Senior Reporter
sascha.wilson@guardian.co.tt
The mother of Candace Cassie-Ann Lemessy says her family is hurting and desperately seeking answers after her daughter was gunned down near their Mayaro home.
The 41-year-old mother of two was heading home when shots were fired at her vehicle, killing her on the spot. Her van then crashed into a building, which was once a bar, along Church Road, a short distance away from her home.
Residents called the police, who, on arrival, saw her body slumped over the passenger side, leaning on the door.
Officers later found six spent .38 calibre shells at the scene. Lemessy, who was a contractor, was shot multiple times in the chest.
Police have received information that she had been receiving death threats following an altercation a few months ago.

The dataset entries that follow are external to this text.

lemma translate_of_scaled_clears_denominators:
  fixes N :: int
  assumes scaled: "translate_of_scaled z l p" and scale: "\<bar>l\<bar> * of_int N = 1"
    and "fst (z i0) \<in> {0, 1}" and "snd (z j0) \<in> {0, 1}"
  shows "clears_denominators (of_int N) z"
  unfolding clears_denominators_def
proof
  fix k
  have "of_int N * l \<in> \<int>"
    using abs_scale_eq_1_cases[OF scale] by auto
  then have "of_int N * (fst (z k) - fst (z i0)) \<in> \<int>" "of_int N * (snd (z k) - snd (z j0)) \<in> \<int>"
    using scaled unfolding translate_of_scaled_def by (simp_all add: mult.assoc[symmetric])
  then have "of_int N * (fst (z k) - fst (z i0)) + of_int N * fst (z i0) \<in> \<int>"
    and "of_int N * (snd (z k) - snd (z j0)) + of_int N * snd (z j0) \<in> \<int>"
    using assms(3,4) by (auto intro!: Ints_add)
  then show "of_int N * fst (z k) \<in> \<int> \<and> of_int N * snd (z k) \<in> \<int>"
    by (simp add: algebra_simps)
qed

lemma translate_of_scaled_denominator_dvd:
  fixes N D :: int
  assumes scaled: "translate_of_scaled z l p" and scale: "\<bar>l\<bar> * of_int N = 1"
    and coprime: "Gcd (coord_diffs p) = 1"
    and clears: "clears_denominators (of_int D) z"
  shows "N dvd D"
proof -
  have "N dvd D * \<delta>" if "\<delta> \<in> coord_diffs p" for \<delta>
  proof -
    from that obtain i j where "\<delta> = fst (p j) - fst (p i) \<or> \<delta> = snd (p j) - snd (p i)"
      by (rule coord_diffsE)
    moreover have "of_int D * (fst (z j) - fst (z i)) \<in> \<int>" "of_int D * (snd (z j) - snd (z i)) \<in> \<int>"
      using clears unfolding clears_denominators_def by (metis Ints_diff right_diff_distrib)+
    ultimately have "of_int D * (l * of_int \<delta>) \<in> \<int>"
      using scaled unfolding translate_of_scaled_def by auto
    moreover have "of_int (D * \<delta>) / of_int N = of_int D * (l * of_int \<delta>)
        \<or> of_int (D * \<delta>) / of_int N = - (of_int D * (l * of_int \<delta>))"
      using abs_scale_eq_1_cases(2)[OF scale] by auto
    ultimately have "(of_int (D * \<delta>) / of_int N :: real) \<in> \<int>" by auto
    then show ?thesis
      using abs_scale_eq_1_cases(1)[OF scale] by (simp only: of_int_div_of_int_in_Ints_iff) simp
  qed
  then have "N dvd Gcd ((*) D ` coord_diffs p)" by (simp add: dvd_Gcd_iff)
  then show ?thesis by (simp add: Gcd_mult coprime)
qed

lemma Delta_of_translate_of_scaled:
  fixes N :: int
  assumes "translate_of_scaled z l p" and "\<bar>l\<bar> * of_int N = 1"
    and "Gcd (coord_diffs p) = 1"
    and "fst (z i0) \<in> {0, 1}" and "snd (z j0) \<in> {0, 1}"
  shows "int (Delta z) = N"
proof -
  have "N > 0" using assms(2) by (rule abs_scale_eq_1_cases)
  have "Delta z = nat N"
  proof (rule Delta_eqI)
    show "clears_denominators (of_nat (nat N)) z"
      using translate_of_scaled_clears_denominators[OF assms(1,2,4,5)] \<open>N > 0\<close> by simp
    show "nat N dvd D" if "clears_denominators (of_nat D) z" for D
      using translate_of_scaled_denominator_dvd[OF assms(1-3), of "int D"] that \<open>N > 0\<close>
      by (simp add: nat_dvd_iff)
  qed (use \<open>N > 0\<close> in simp)
  with \<open>N > 0\<close> show ?thesis by simp
qed

lemma coord_diffs_weighted_triangle:
  assumes "w a * fst a + w b * fst b + w c * fst c = 0"
    and "w a * snd a + w b * snd b + w c * snd c = 0"
  defines "S \<equiv> (\<Union>m\<in>{a, b, c}. {w m * fst m, w m * snd m})"
  shows "coord_diffs (weighted_triangle w a b) = insert 0 (S \<union> uminus ` S)"
proof -
  have "S = {w a * fst a, w a * snd a, w b * fst b, w b * snd b,
      - (w a * fst a) - w b * fst b, - (w a * snd a) - w b * snd b}"
    unfolding S_def using assms(1,2) by (auto simp: eq_neg_iff_add_eq_0 algebra_simps)
  then show ?thesis
    unfolding coord_diffs_def weighted_triangle_def UNIV_piece by (auto simp: algebra_simps)
qed

lemma Max_abs_coord_diffs_weighted_triangle:
  assumes "w a * fst a + w b * fst b + w c * fst c = 0"
    and "w a * snd a + w b * snd b + w c * snd c = 0"
  shows "Max (abs ` coord_diffs (weighted_triangle w a b))
    = Max (\<Union>m\<in>{a, b, c}. {\<bar>w m * fst m\<bar>, \<bar>w m * snd m\<bar>})"
proof -
  define S where "S = (\<Union>m\<in>{a, b, c}. {w m * fst m, w m * snd m})"
  have "finite S" "w a * fst a \<in> S" unfolding S_def by auto
  have "Max (abs ` coord_diffs (weighted_triangle w a b)) = Max (insert 0 (abs ` S))"
    unfolding coord_diffs_weighted_triangle[OF assms] S_def[symmetric]
    by (simp add: image_Un image_image)
  also have "\<dots> = Max (abs ` S)"
  proof -
    have "0 \<le> \<bar>w a * fst a\<bar>" by simp
    also have "\<dots> \<le> Max (abs ` S)" using \<open>finite S\<close> \<open>w a * fst a \<in> S\<close> by simp
    finally have "0 \<le> Max (abs ` S)" .
    moreover have "S \<noteq> {}" using \<open>w a * fst a \<in> S\<close> by blast
    ultimately show ?thesis using \<open>finite S\<close> by (simp add: max_absorb2)
  qed
  also have "abs ` S = (\<Union>m\<in>{a, b, c}. {\<bar>w m * fst m\<bar>, \<bar>w m * snd m\<bar>})"
    unfolding S_def by auto
  finally show ?thesis .
qed

lemma dvd_of_dvd_mult_coprime:
  fixes g w c d :: int
  assumes "g dvd w * c" "g dvd w * d" "gcd c d = 1"
  shows "g dvd w"
proof -
  have "g dvd gcd (w * c) (w * d)" using assms(1,2) by (rule gcd_greatest)
  also have "gcd (w * c) (w * d) = \<bar>w\<bar>" using gcd_mult_distrib_int[of w c d] assms(3) by simp
  finally show ?thesis by simp
qed

lemma Gcd_eq_1_if_weighted_moves_in:
  fixes w :: "int \<times> int \<Rightarrow> int" and A :: "int set"
  assumes "\<And>m. m \<in> S \<Longrightarrow> gcd (fst m) (snd m) = 1"
    and "Gcd (w ` S) = 1"
    and "\<And>m. m \<in> S \<Longrightarrow> w m * fst m \<in> A \<and> w m * snd m \<in> A"
  shows "Gcd A = 1"
proof -
  have "Gcd A dvd w m" if "m \<in> S" for m
  proof (rule dvd_of_dvd_mult_coprime)
    show "Gcd A dvd w m * fst m" "Gcd A dvd w m * snd m"
      using assms(3)[OF that] by (simp_all add: Gcd_dvd)
    show "gcd (fst m) (snd m) = 1" using that by (rule assms(1))
  qed
  then have "Gcd A dvd Gcd (w ` S)" by (auto intro: Gcd_greatest)
  then have "\<bar>Gcd A\<bar> = 1" unfolding assms(2) by simp
  then show ?thesis by simp
qed

lemma triangle_vertex:
  assumes "{a, b, c} \<subseteq> M" and "fixation f1" "fixation f2" "fixation f3"
    and "in_box z"
    and "solutions {MoveEq a P1 P2, MoveEq b P1 P3, MoveEq c P2 P3, f1, f2, f3} = {z}"
  shows "is_vertex M z"
  unfolding is_vertex_def
proof (intro conjI exI)
  show "\<forall>e\<in>{MoveEq a P1 P2, MoveEq b P1 P3, MoveEq c P2 P3, f1, f2, f3}. move_eqn M e \<or> fixation e"
    using assms(1-4) unfolding move_eqn_def by blast
qed (fact assms(5,6))+

lemma Delta_triangular_vertex:
  fixes a b c :: "int \<times> int" and w :: "int \<times> int \<Rightarrow> int"
  assumes vertex: "is_vertex M z"
    and moves: "sat (MoveEq a P1 P2) z" "sat (MoveEq b P1 P3) z" "sat (MoveEq c P2 P3) z"
    and "z P1 \<noteq> z P2" and distinct: "distinct [a, b, c]"
    and coprime: "\<And>m. m \<in> {a, b, c} \<Longrightarrow> gcd (fst m) (snd m) = 1"
    and independent: "fst a * snd b \<noteq> snd a * fst b"
    and nonzero: "\<And>m. m \<in> {a, b, c} \<Longrightarrow> w m \<noteq> 0"
    and weights_coprime: "Gcd (w ` {a, b, c}) = 1"
    and sums: "(\<Sum>m\<in>{a, b, c}. w m * fst m) = 0" "(\<Sum>m\<in>{a, b, c}. w m * snd m) = 0"
  shows "int (Delta z) = Max (\<Union>m\<in>{a, b, c}. {\<bar>w m * fst m\<bar>, \<bar>w m * snd m\<bar>})"
proof -
  define p where "p = weighted_triangle w a b"
  have relation: "w a * fst a + w b * fst b + w c * fst c = 0"
    "w a * snd a + w b * snd b + w c * snd c = 0"
    using distinct sums by (simp_all add: add.assoc)
  have "m \<noteq> (0, 0)" if "m \<in> {a, b, c}" for m using coprime[OF that] by auto
  then obtain l where scaled: "translate_of_scaled z l p"
    using triangle_translate_of_scaled_weighted_triangle[OF moves _ _ _ independent _ relation]
      nonzero[of c] unfolding p_def by blast
  have gcd: "Gcd (coord_diffs p) = 1"
    using coprime weights_coprime
    by (rule Gcd_eq_1_if_weighted_moves_in) (auto simp: p_def coord_diffs_weighted_triangle[OF relation])
  have "in_box z" using vertex by (simp add: is_vertex_def)
  then have "\<bar>l\<bar> * of_int (Max (abs ` coord_diffs p)) = 1"
    using scaled vertex_spans_unit_interval[OF vertex \<open>z P1 \<noteq> z P2\<close>] translate_of_scaled_abs_scale
    by blast
  moreover obtain i0 where "fst (z i0) \<in> {0, 1}" using vertex_fst_in_01[OF vertex] .
  moreover obtain j0 where "snd (z j0) \<in> {0, 1}" using vertex_snd_in_01[OF vertex] .
  ultimately have "int (Delta z) = Max (abs ` coord_diffs p)"
    using Delta_of_translate_of_scaled[OF scaled _ gcd] by blast
  then show ?thesis unfolding p_def Max_abs_coord_diffs_weighted_triangle[OF relation] .
qed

Speaking with Guardian Media at her Mayaro home yesterday, Lemessy’s 72-year-old mother, Meria Lemessy, said she was unaware of the threats and had no idea why anyone would want her daughter dead.
“Always a happy child—never one day you see Candace vex. Candace could make people laugh at a funeral. Anytime she reach, everybody laughing. Happy, jolly,” the grieving mother said.
Recalling that her daughter’s body was still in the van when she arrived on the scene, she said she was only allowed to see her when the body was placed on a stretcher.
“I was slapping her face, ‘Candy, get up, Candy, get up, get up,’” sobbed the mother as she wiped away tears.
Lamenting that a few weeks ago the family faced another traumatic incident involving her two other daughters and one of her sons, the mother of ten insisted that the incidents were not linked, and she pleaded with the public not to speculate.
Her daughters were charged with grievous bodily harm and ordered to leave their home as a condition of their bail.
“I wish if they could take that off the air (social media). Why they doing that?” she lamented. Another relative also denied claims that that incident was linked to a land dispute.
The mother said Lemessy was the sixth of her children and the first one she would be burying. “It’s really hard,” she lamented but was confident that those responsible will be brought to justice.
Homicide officers are investigating.